[Materials provided Boundary: Start]

(* Let $\alpha$ be a unit speed Frenet curve in $\mathbb{E}^3$ and $\beta$ an osculating mate of $\alpha$. Then: (i) $\alpha$ is a plane curve if and only if $\beta$ is a plane curve; (ii) $\alpha$ is a general helix if and only if $\beta$ is a slant helix.
   Context: $\alpha:I\to\mathbb{E}^3$ is parametrized by arclength $s$, with Frenet frame $\{T,N,B\}$, curvature $\kappa>0$, torsion $\tau$. An osculating mate of $\alpha$ is a curve $\beta(s)=\int(x_1T+x_2N)ds$ with smooth $x_1,x_2$, $x_1^2+x_2^2=1$ and $\beta''\perp\mathrm{span}\{T,N\}$; $\beta$ is assumed to be a Frenet curve, unit speed in $s$, with curvature $\bar\kappa$ and torsion $\bar\tau$. A general helix is a curve whose tangent makes a constant angle with a fixed direction, equivalently $\tau/\kappa$ is constant. A slant helix is a curve whose principal normal makes a constant angle with a fixed direction, equivalently $\sigma=\frac{\kappa^2}{(\kappa^2+\tau^2)^{3/2}}\left(\frac{\tau}{\kappa}\right)'$ is constant (computed with the curve's own curvature and torsion). *)

theory Defs
  imports "HOL-Analysis.Analysis"
begin

definition frenet_curve ::
  "real set \<Rightarrow> (real \<Rightarrow> real^3) \<Rightarrow> (real \<Rightarrow> real^3) \<Rightarrow> (real \<Rightarrow> real^3) \<Rightarrow>
   (real \<Rightarrow> real^3) \<Rightarrow> (real \<Rightarrow> real) \<Rightarrow> (real \<Rightarrow> real) \<Rightarrow> bool" where
  "frenet_curve I \<alpha> T N B \<kappa> \<tau> \<longleftrightarrow>
     open I \<and> is_interval I \<and> I \<noteq> {} \<and>
     (\<forall>s\<in>I.
        (\<alpha> has_vector_derivative T s) (at s) \<and>
        (T has_vector_derivative (\<kappa> s *\<^sub>R N s)) (at s) \<and>
        (N has_vector_derivative (- \<kappa> s *\<^sub>R T s + \<tau> s *\<^sub>R B s)) (at s) \<and>
        (B has_vector_derivative (- \<tau> s *\<^sub>R N s)) (at s) \<and>
        norm (T s) = 1 \<and> norm (N s) = 1 \<and> inner (T s) (N s) = 0 \<and>
        B s = cross3 (T s) (N s) \<and> \<kappa> s > 0)"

[Materials provided Boundary: End]

▶ _Task directions_: Emit verbatim the lines running from the one with "theory Defs" through the last line of the data, both endpoints inclusive.

▶ _Solved exercise_:
theory Defs
  imports "HOL-Analysis.Analysis"
begin

definition frenet_curve ::
  "real set \<Rightarrow> (real \<Rightarrow> real^3) \<Rightarrow> (real \<Rightarrow> real^3) \<Rightarrow> (real \<Rightarrow> real^3) \<Rightarrow>
   (real \<Rightarrow> real^3) \<Rightarrow> (real \<Rightarrow> real) \<Rightarrow> (real \<Rightarrow> real) \<Rightarrow> bool" where
  "frenet_curve I \<alpha> T N B \<kappa> \<tau> \<longleftrightarrow>
     open I \<and> is_interval I \<and> I \<noteq> {} \<and>
     (\<forall>s\<in>I.
        (\<alpha> has_vector_derivative T s) (at s) \<and>
        (T has_vector_derivative (\<kappa> s *\<^sub>R N s)) (at s) \<and>
        (N has_vector_derivative (- \<kappa> s *\<^sub>R T s + \<tau> s *\<^sub>R B s)) (at s) \<and>
        (B has_vector_derivative (- \<tau> s *\<^sub>R N s)) (at s) \<and>
        norm (T s) = 1 \<and> norm (N s) = 1 \<and> inner (T s) (N s) = 0 \<and>
        B s = cross3 (T s) (N s) \<and> \<kappa> s > 0)"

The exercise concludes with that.